* [The task]: Return each line of the records below that contains the word "fixes".

* [Dataset entries]:
lemma fourier_fibre_has_sum_0:
  fixes a :: "'j \<Rightarrow> complex" and f :: "'j \<Rightarrow> int"
  assumes abs: "(\<lambda>j. norm (a j)) summable_on J"
    and zero: "\<And>y::real. ((\<lambda>j. a j * exp (2 * pi * \<i> * y) powi f j) has_sum 0) J"
  shows "(a has_sum 0) {j\<in>J. f j = s}"
proof -
  define A where "A = {j\<in>J. f j = s}"
  define e where "e = (\<lambda>y::real. exp (2 * pi * \<i> * y))"
  have norm_e: "norm (e y powi k) = 1" for y k
    by (simp add: e_def norm_power_int)
  have summable_a: "a summable_on G" if "G \<subseteq> J" for G
    using abs_summable_summable[OF abs] that by (rule summable_on_subset_banach)
  have small: "norm (infsum a A) \<le> 2 * \<epsilon>" if "\<epsilon> > 0" for \<epsilon>
  proof -
    obtain F where F: "finite F" "F \<subseteq> J" "dist (\<Sum>j\<in>F. norm (a j)) (\<Sum>\<^sub>\<infinity>j\<in>J. norm (a j)) \<le> \<epsilon>"
      using infsum_finite_approximation[OF abs \<open>\<epsilon> > 0\<close>] by blast
    have split: "infsum g J = sum g F + infsum g (J - F)" if "g summable_on J" for g :: "'j \<Rightarrow> 'b::banach"
    proof -
      have "infsum g J = infsum g (F \<union> (J - F))"
        using F(2) by (simp add: Un_absorb1)
      also have "\<dots> = infsum g F + infsum g (J - F)"
        by (rule infsum_Un_disjoint) (use F that in \<open>auto intro: summable_on_subset_banach\<close>)
      finally show ?thesis using F(1) by simp
    qed
    have tail_abs: "(\<Sum>\<^sub>\<infinity>j\<in>J - F. norm (a j)) \<le> \<epsilon>"
      using F(3) split[OF abs] by (simp add: dist_real_def)
    have tail: "norm (\<Sum>\<^sub>\<infinity>j\<in>G. a j * w j) \<le> \<epsilon>" if "G \<subseteq> J - F" "\<And>j. norm (w j) = 1" for G w
    proof (rule order_trans[OF _ tail_abs])
      show "norm (\<Sum>\<^sub>\<infinity>j\<in>G. a j * w j) \<le> (\<Sum>\<^sub>\<infinity>j\<in>J - F. norm (a j))"
        using that summable_on_subset_banach[OF abs, of "J - F"] by (intro norm_infsum_unimodular_le) auto
    qed
    have partial: "norm (\<Sum>j\<in>F. a j * e y powi f j) \<le> \<epsilon>" for y
    proof -
      have "(\<lambda>j. a j * e y powi f j) summable_on J"
        using zero[of y] by (auto simp: e_def summable_on_def)
      from split[OF this] have "0 = (\<Sum>j\<in>F. a j * e y powi f j) + (\<Sum>\<^sub>\<infinity>j\<in>J - F. a j * e y powi f j)"
        using infsumI[OF zero[of y]] by (simp add: e_def)
      then have "norm (\<Sum>j\<in>F. a j * e y powi f j) = norm (\<Sum>\<^sub>\<infinity>j\<in>J - F. a j * e y powi f j)"
        by (simp add: eq_neg_iff_add_eq_0 [symmetric])
      also have "\<dots> \<le> \<epsilon>" by (rule tail) (auto simp: norm_e)
      finally show ?thesis .
    qed
    \<comment> \<open>Integrating the partial sum against \<open>e(y)\<^sup>-\<^sup>s\<close> isolates its part in \<open>A\<close>.\<close>
    have integral: "((\<lambda>y. e y powi (- s) * (\<Sum>j\<in>F. a j * e y powi f j)) has_integral (\<Sum>j\<in>F \<inter> A. a j)) (cbox 0 1)"
    proof -
      have "F \<inter> A = {j\<in>F. f j = s}"
        using F(2) by (auto simp: A_def)
      then show ?thesis
        using has_integral_fourier_poly_coeff[OF F(1), of s a f] by (simp add: e_def)
    qed
    have "norm (e y powi (- s) * (\<Sum>j\<in>F. a j * e y powi f j)) \<le> \<epsilon>" for y
      using partial[of y] by (simp add: norm_mult norm_e)
    then have head: "norm (\<Sum>j\<in>F \<inter> A. a j) \<le> \<epsilon>"
      using has_integral_bound[OF _ integral, of \<epsilon>] \<open>\<epsilon> > 0\<close> by simp
    have "infsum a A = infsum a ((F \<inter> A) \<union> (A - F))"
      by (rule arg_cong[where f = "infsum a"]) blast
    also have "\<dots> = (\<Sum>j\<in>F \<inter> A. a j) + (\<Sum>\<^sub>\<infinity>j\<in>A - F. a j * 1)"
      using F(1) summable_a[of A] by (subst infsum_Un_disjoint) (auto intro: summable_on_subset_banach simp: A_def)
    finally have "norm (infsum a A) \<le> norm (\<Sum>j\<in>F \<inter> A. a j) + norm (\<Sum>\<^sub>\<infinity>j\<in>A - F. a j * 1)"
      by (simp add: norm_triangle_ineq)
    moreover have "norm (\<Sum>\<^sub>\<infinity>j\<in>A - F. a j * 1) \<le> \<epsilon>"
      by (rule tail) (auto simp: A_def)
    ultimately show ?thesis
      using head by simp
  qed
  have "infsum a A = 0"
  proof (rule ccontr)
    assume "infsum a A \<noteq> 0"
    with small[of "norm (infsum a A) / 4"] show False by simp
  qed
  then show ?thesis
    using summable_a[of A] by (metis A_def has_sum_infsum mem_Collect_eq subsetI)
qed

lemma double_fourier_coeffs_eq_0:
  fixes d :: "int \<Rightarrow> int \<Rightarrow> complex"
  assumes zero: "\<And>\<tau> z. Im \<tau> > 0 \<Longrightarrow>
    ((\<lambda>(n, r). d n r * exp (2 * pi * \<i> * \<tau>) powi n * exp (2 * pi * \<i> * z) powi r) has_sum 0) UNIV"
  shows "d m s = 0"
proof -
  have fibre_s: "((\<lambda>(n, r). d n r * exp (2 * pi * \<i> * \<tau>) powi n) has_sum 0) {j. snd j = s}"
    if "Im \<tau> > 0" for \<tau>
  proof -
    have "(\<lambda>(n, r). d n r * exp (2 * pi * \<i> * \<tau>) powi n) summable_on UNIV"
      using zero[OF that, of 0] by (auto simp: summable_on_def case_prod_unfold)
    then have "((\<lambda>(n, r). d n r * exp (2 * pi * \<i> * \<tau>) powi n) has_sum 0) {j \<in> UNIV. snd j = s}"
      using zero[OF that] by (intro fourier_fibre_has_sum_0)
        (auto simp: case_prod_unfold summable_on_iff_abs_summable_on_complex)
    then show ?thesis by simp
  qed
  \<comment> \<open>On the line \<open>\<tau> = y + \<i>\<close> the factor \<open>q\<^sup>n\<close> becomes \<open>w\<^sup>n e(y)\<^sup>n\<close> with the constant \<open>w = e\<^sup>-\<^sup>2\<^sup>\<pi>\<close>.\<close>
  define w :: complex where "w = exp (- 2 * of_real pi)"
  have q_shift: "exp (2 * pi * \<i> * (of_real y + \<i>)) = w * exp (2 * pi * \<i> * of_real y)" for y :: real
  proof -
    have "2 * pi * \<i> * (of_real y + \<i>) = - 2 * of_real pi + 2 * pi * \<i> * of_real y"
      by (simp add: algebra_simps)
    then show ?thesis by (simp only: exp_add w_def)
  qed
  have "(\<lambda>(n, r). d n r * w powi n) summable_on {j. snd j = s}"
    using fibre_s[of \<i>] q_shift[of 0] by (auto simp: summable_on_def case_prod_unfold)
  moreover have "((\<lambda>j. (case j of (n, r) \<Rightarrow> d n r * w powi n) * exp (2 * pi * \<i> * y) powi fst j) has_sum 0)
      {j. snd j = s}" for y :: real
    using fibre_s[of "of_real y + \<i>", unfolded q_shift]
    by (simp add: case_prod_unfold power_int_mult_distrib mult_ac)
  ultimately have "((\<lambda>(n, r). d n r * w powi n) has_sum 0) {j \<in> {j. snd j = s}. fst j = m}"
    by (intro fourier_fibre_has_sum_0) (auto simp: summable_on_iff_abs_summable_on_complex)
  moreover have "{j \<in> {j. snd j = s}. fst j = m} = {(m, s)}"
    by auto
  moreover have "((\<lambda>(n, r). d n r * w powi n) has_sum (d m s * w powi m)) {(m, s)}"
    by (rule has_sum_finiteI) auto
  ultimately have "d m s * w powi m = 0"
    using has_sum_unique by fastforce
  then show ?thesis
    by (simp add: w_def)
qed

lemma double_fourier_coeffs_unique:
  fixes c c' :: "int \<Rightarrow> int \<Rightarrow> complex"
  assumes "\<And>\<tau> z. Im \<tau> > 0 \<Longrightarrow>
    ((\<lambda>(n, r). c n r * exp (2 * pi * \<i> * \<tau>) powi n * exp (2 * pi * \<i> * z) powi r) has_sum P \<tau> z) UNIV"
    and "\<And>\<tau> z. Im \<tau> > 0 \<Longrightarrow>
    ((\<lambda>(n, r). c' n r * exp (2 * pi * \<i> * \<tau>) powi n * exp (2 * pi * \<i> * z) powi r) has_sum P \<tau> z) UNIV"
  shows "c = c'"
proof (intro ext)
  fix m s
  have "(\<lambda>n r. c n r - c' n r) m s = 0"
  proof (rule double_fourier_coeffs_eq_0)
    fix \<tau> z :: complex
    assume "Im \<tau> > 0"
    from has_sum_add[OF assms(1)[OF this, of z] has_sum_uminusI[OF assms(2)[OF this, of z]]] show
      "((\<lambda>(n, r). (c n r - c' n r) * exp (2 * pi * \<i> * \<tau>) powi n * exp (2 * pi * \<i> * z) powi r) has_sum 0) UNIV"
      by (simp add: case_prod_unfold algebra_simps)
  qed
  then show "c m s = c' m s" by simp
qed

section \<open>The power series of \<open>\<Prod>\<^sub>n (1 - q\<^sup>n)\<^sup>-\<^sup>6\<close>\<close>

unbundle no vec_syntax
notation fps_nth (infixl \<open>$\<close> 75)

definition geom_fps :: "nat \<Rightarrow> 'a::comm_semiring_1 fps" where
  "geom_fps m = Abs_fps (\<lambda>k. if Suc m dvd k then 1 else 0)"

definition inv_eta6_fps :: "nat \<Rightarrow> 'a::comm_semiring_1 fps" where
  "inv_eta6_fps M = (\<Prod>m<M. geom_fps m ^ 6)"

text \<open>The \<open>k\<close>-th coefficient of \<open>\<Prod>\<^sub>n\<^sub>\<ge>\<^sub>1 (1 - q\<^sup>n)\<^sup>-\<^sup>6\<close>; factors with \<open>n > k\<close> do not contribute to it.\<close>
definition inv_eta6_coeff :: "nat \<Rightarrow> nat" where
  "inv_eta6_coeff k = (inv_eta6_fps k :: nat fps) $ k"

definition of_nat_fps :: "nat fps \<Rightarrow> 'a::comm_semiring_1 fps" where
  "of_nat_fps A = Abs_fps (\<lambda>k. of_nat (A $ k))"

lemma of_nat_fps_mult: "of_nat_fps (A * B) = (of_nat_fps A * of_nat_fps B :: 'a::comm_semiring_1 fps)"
  by (rule fps_ext) (simp add: of_nat_fps_def fps_mult_nth)

lemma of_nat_fps_one: "of_nat_fps 1 = (1 :: 'a::comm_semiring_1 fps)"
  by (rule fps_ext) (simp add: of_nat_fps_def)

lemma of_nat_fps_power: "of_nat_fps (A ^ n) = (of_nat_fps A ^ n :: 'a::comm_semiring_1 fps)"
  by (induction n) (simp_all add: of_nat_fps_one of_nat_fps_mult)

lemma of_nat_fps_inv_eta6_fps: "of_nat_fps (inv_eta6_fps M) = (inv_eta6_fps M :: 'a::comm_semiring_1 fps)"
proof -
  have "of_nat_fps (geom_fps m) = (geom_fps m :: 'a fps)" for m
    by (rule fps_ext) (simp add: of_nat_fps_def geom_fps_def)
  then show ?thesis
    by (induction M) (simp_all add: inv_eta6_fps_def of_nat_fps_one of_nat_fps_mult of_nat_fps_power)
qed

lemma inv_eta6_fps_nth: "(inv_eta6_fps M :: 'a::comm_semiring_1 fps) $ k = of_nat ((inv_eta6_fps M :: nat fps) $ k)"
  by (metis of_nat_fps_inv_eta6_fps fps_nth_Abs_fps of_nat_fps_def)

lemma fps_mult_nth_ge_left:
  fixes A B :: "nat fps"
  assumes "B $ 0 \<ge> 1"
  shows "(A * B) $ k \<ge> A $ k"
proof -
  have "A $ k \<le> A $ k * B $ (k - k)" using assms by simp
  also have "\<dots> \<le> (\<Sum>i=0..k. A $ i * B $ (k - i))"
    by (rule member_le_sum) auto
  finally show ?thesis by (simp add: fps_mult_nth)
qed

lemma fps_mult_nth_eq_left:
  fixes A F :: "'a::comm_semiring_1 fps"
  assumes "F $ 0 = 1" "\<And>j. 0 < j \<Longrightarrow> j \<le> M \<Longrightarrow> F $ j = 0" "k \<le> M"
  shows "(A * F) $ k = A $ k"
proof -
  have "(A * F) $ k = (\<Sum>i=0..k. A $ i * F $ (k - i))" by (simp add: fps_mult_nth)
  also have "\<dots> = (\<Sum>i\<in>{k}. A $ i * F $ (k - i))"
    by (rule sum.mono_neutral_right) (use assms in auto)
  finally show ?thesis using assms by simp
qed

lemma fps_power_nth_eq_0:
  fixes F :: "'a::comm_semiring_1 fps"
  assumes "F $ 0 = 1" "\<And>j. 0 < j \<Longrightarrow> j \<le> M \<Longrightarrow> F $ j = 0"
  shows "(F ^ n) $ 0 = 1 \<and> (\<forall>j. 0 < j \<longrightarrow> j \<le> M \<longrightarrow> (F ^ n) $ j = 0)"
proof (induction n)
  case (Suc n)
  have "(F ^ Suc n) $ j = (F ^ n) $ j" if "j \<le> M" for j
    using fps_mult_nth_eq_left[OF assms that, of "F ^ n"] by (simp add: mult.commute)
  with Suc assms show ?case by auto
qed simp

lemma geom_fps_power_nth_eq_0:
  "((geom_fps m :: 'a::comm_semiring_1 fps) ^ n) $ 0 = 1 \<and>
   (\<forall>j. 0 < j \<longrightarrow> j \<le> m \<longrightarrow> ((geom_fps m :: 'a fps) ^ n) $ j = 0)"
  by (rule fps_power_nth_eq_0) (auto simp: geom_fps_def dest: dvd_imp_le)

lemma inv_eta6_fps_Suc: "inv_eta6_fps (Suc M) = inv_eta6_fps M * geom_fps M ^ 6"
  by (simp add: inv_eta6_fps_def)

lemma inv_eta6_fps_nth_eq_coeff:
  assumes "k \<le> M"
  shows "(inv_eta6_fps M :: nat fps) $ k = inv_eta6_coeff k"
  using assms
proof (induction M rule: dec_induct)
  case (step M)
  then show ?case
    unfolding inv_eta6_fps_Suc
    by (subst fps_mult_nth_eq_left) (use geom_fps_power_nth_eq_0[where 'a = nat] in auto)
qed (simp add: inv_eta6_coeff_def)

lemma inv_eta6_fps_nth_le_coeff:
  assumes "M \<le> k"
  shows "(inv_eta6_fps M :: nat fps) $ k \<le> inv_eta6_coeff k"
proof -
  have "(inv_eta6_fps M :: nat fps) $ k \<le> inv_eta6_fps (Suc M) $ k" for M
    unfolding inv_eta6_fps_Suc
    by (rule fps_mult_nth_ge_left) (use geom_fps_power_nth_eq_0[of M, where 'a = nat] in simp)
  then show ?thesis
    using lift_Suc_mono_le[of "\<lambda>M. (inv_eta6_fps M :: nat fps) $ k", OF _ assms]
    by (simp add: inv_eta6_coeff_def)
qed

* [Answer space]:
  fixes a :: "'j \<Rightarrow> complex" and f :: "'j \<Rightarrow> int"
  fixes d :: "int \<Rightarrow> int \<Rightarrow> complex"
  fixes c c' :: "int \<Rightarrow> int \<Rightarrow> complex"
  fixes A B :: "nat fps"
  fixes A F :: "'a::comm_semiring_1 fps"
  fixes F :: "'a::comm_semiring_1 fps"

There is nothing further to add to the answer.